_Entries shown_:
__________________________________________________

(* Let $T=(V,E)$ be a tree with $\mathrm{pthin}(T)=2$, and let $\sigma$ be an ordering of $V$ and $S=\{V^0,V^1\}$ a partition of $V$ that are strongly consistent. Let $v_1,v_2,v_3$ be vertices with $v_1<v_2<v_3$ and $\deg(v_2)\ge 4$. Then there is no vertex $v_0$ that is the nexus between $v_1,v_2,v_3$.
   Context: For a graph $G=(V,E)$, a linear ordering $<$ of $V$ and a partition of $V$ into classes are called strongly consistent if for every triple $r<s<t$ of vertices with $rt\in E$: if $r$ and $s$ belong to the same class then $st\in E$, and if $s$ and $t$ belong to the same class then $rs\in E$. The proper thinness $\mathrm{pthin}(G)$ is the minimum $k$ such that some ordering and some partition into $k$ classes are strongly consistent. For distinct vertices $v_0,v_1,v_2,v_3$ of a tree $T$, let $C_i$ be the unique simple path from $v_0$ to $v_i$ ($i=1,2,3$) and $C_i'$ its vertex set minus $v_0$; $v_0$ is the nexus between $v_1,v_2,v_3$ if $C_1',C_2',C_3'$ are pairwise disjoint. *)

theory Defs
  imports Main "HOL-Library.Disjoint_Sets"
begin

definition simple_graph :: "'a set \<Rightarrow> 'a set set \<Rightarrow> bool" where
  "simple_graph V E \<longleftrightarrow> finite V \<and> (\<forall>e\<in>E. \<exists>u v. e = {u, v} \<and> u \<noteq> v \<and> u \<in> V \<and> v \<in> V)"

definition simple_path :: "'a set \<Rightarrow> 'a set set \<Rightarrow> 'a \<Rightarrow> 'a \<Rightarrow> 'a list \<Rightarrow> bool" where
  "simple_path V E x y p \<longleftrightarrow> p \<noteq> [] \<and> hd p = x \<and> last p = y \<and> distinct p \<and> set p \<subseteq> V
     \<and> (\<forall>i. Suc i < length p \<longrightarrow> {p ! i, p ! Suc i} \<in> E)"

definition connected_graph :: "'a set \<Rightarrow> 'a set set \<Rightarrow> bool" where
  "connected_graph V E \<longleftrightarrow> (\<forall>x\<in>V. \<forall>y\<in>V. \<exists>p. simple_path V E x y p)"

definition is_cycle :: "'a set \<Rightarrow> 'a set set \<Rightarrow> 'a list \<Rightarrow> bool" where
  "is_cycle V E c \<longleftrightarrow> length c \<ge> 3 \<and> distinct c \<and> set c \<subseteq> V
     \<and> (\<forall>i. Suc i < length c \<longrightarrow> {c ! i, c ! Suc i} \<in> E) \<and> {last c, hd c} \<in> E"

definition is_tree :: "'a set \<Rightarrow> 'a set set \<Rightarrow> bool" where
  "is_tree V E \<longleftrightarrow> simple_graph V E \<and> V \<noteq> {} \<and> connected_graph V E \<and> (\<nexists>c. is_cycle V E c)"

definition degree :: "'a set \<Rightarrow> 'a set set \<Rightarrow> 'a \<Rightarrow> nat" where
  "degree V E v = card {u \<in> V. {v, u} \<in> E}"

definition same_class :: "'a set set \<Rightarrow> 'a \<Rightarrow> 'a \<Rightarrow> bool" where
  "same_class P x y \<longleftrightarrow> (\<exists>X\<in>P. x \<in> X \<and> y \<in> X)"

definition vertex_ordering :: "'a set \<Rightarrow> ('a \<times> 'a) set \<Rightarrow> bool" where
  "vertex_ordering V lt \<longleftrightarrow> lt \<subseteq> V \<times> V \<and> strict_linear_order_on V lt"

definition strongly_consistent :: "'a set \<Rightarrow> 'a set set \<Rightarrow> ('a \<times> 'a) set \<Rightarrow> 'a set set \<Rightarrow> bool" where
  "strongly_consistent V E lt P \<longleftrightarrow>
     (\<forall>r s t. (r, s) \<in> lt \<and> (s, t) \<in> lt \<and> {r, t} \<in> E \<longrightarrow>
        (same_class P r s \<longrightarrow> {s, t} \<in> E) \<and> (same_class P s t \<longrightarrow> {r, s} \<in> E))"

definition pthin :: "'a set \<Rightarrow> 'a set set \<Rightarrow> nat" where
  "pthin V E = (LEAST k. \<exists>lt P. vertex_ordering V lt \<and> partition_on V P \<and> card P = k
                               \<and> strongly_consistent V E lt P)"

definition nexus :: "'a set \<Rightarrow> 'a set set \<Rightarrow> 'a \<Rightarrow> 'a \<Rightarrow> 'a \<Rightarrow> 'a \<Rightarrow> bool" where
  "nexus V E v0 v1 v2 v3 \<longleftrightarrow> distinct [v0, v1, v2, v3] \<and> {v0, v1, v2, v3} \<subseteq> V \<and>
     (\<exists>p1 p2 p3. simple_path V E v0 v1 p1 \<and> simple_path V E v0 v2 p2 \<and> simple_path V E v0 v3 p3 \<and>
        (set p1 - {v0}) \<inter> (set p2 - {v0}) = {} \<and>
        (set p1 - {v0}) \<inter> (set p3 - {v0}) = {} \<and>
        (set p2 - {v0}) \<inter> (set p3 - {v0}) = {})"

end

theory Submission
  imports Defs
begin

text \<open>After reversing the ordering if necessary, the centre v0 lies below v2; the two classes are
  read as a colouring c. Strong consistency says that for r < s < t with an edge rt, the colour of s differs
  from that of r unless st is an edge, and from that of t unless rs is an edge. Neighbours of v2
  are pairwise nonadjacent in a tree, so each side of v2 holds at most one neighbour coloured like
  v2. An edge xy jumping over v2 with neither end adjacent to v2 is therefore impossible: at most
  one of the (at least four) neighbours of v2 touches xy, and all the others are coloured like v2.
  Hence the branches of the nexus towards v1 and v3, which avoid v2 and all its neighbours except
  possibly v0, stay on one side of v2. If v0 is not adjacent to v2, the branch towards v3 would
  have to jump. Otherwise the first edge v0 y of that branch jumps over v2, and colour counting
  shows that the other neighbours of v2 lie neither between v0 and v2, nor two of them above v2,
  nor two of them below v0: there are at most two of them.\<close>

section \<open>Walks\<close>

abbreviation walk :: "'a set set \<Rightarrow> 'a list \<Rightarrow> bool" where
  "walk E \<equiv> successively (\<lambda>x y. {x, y} \<in> E)"

lemma simple_path_iff_walk:
  "simple_path V E x y p \<longleftrightarrow>
     p \<noteq> [] \<and> hd p = x \<and> last p = y \<and> distinct p \<and> set p \<subseteq> V \<and> walk E p"
  by (auto simp: simple_path_def successively_conv_nth)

__________________________________________________

_To do_: Copy every line of the listing containing the string "open".

_Response for this exercise_:
text \<open>After reversing the ordering if necessary, the centre v0 lies below v2; the two classes are
section \<open>Walks\<close>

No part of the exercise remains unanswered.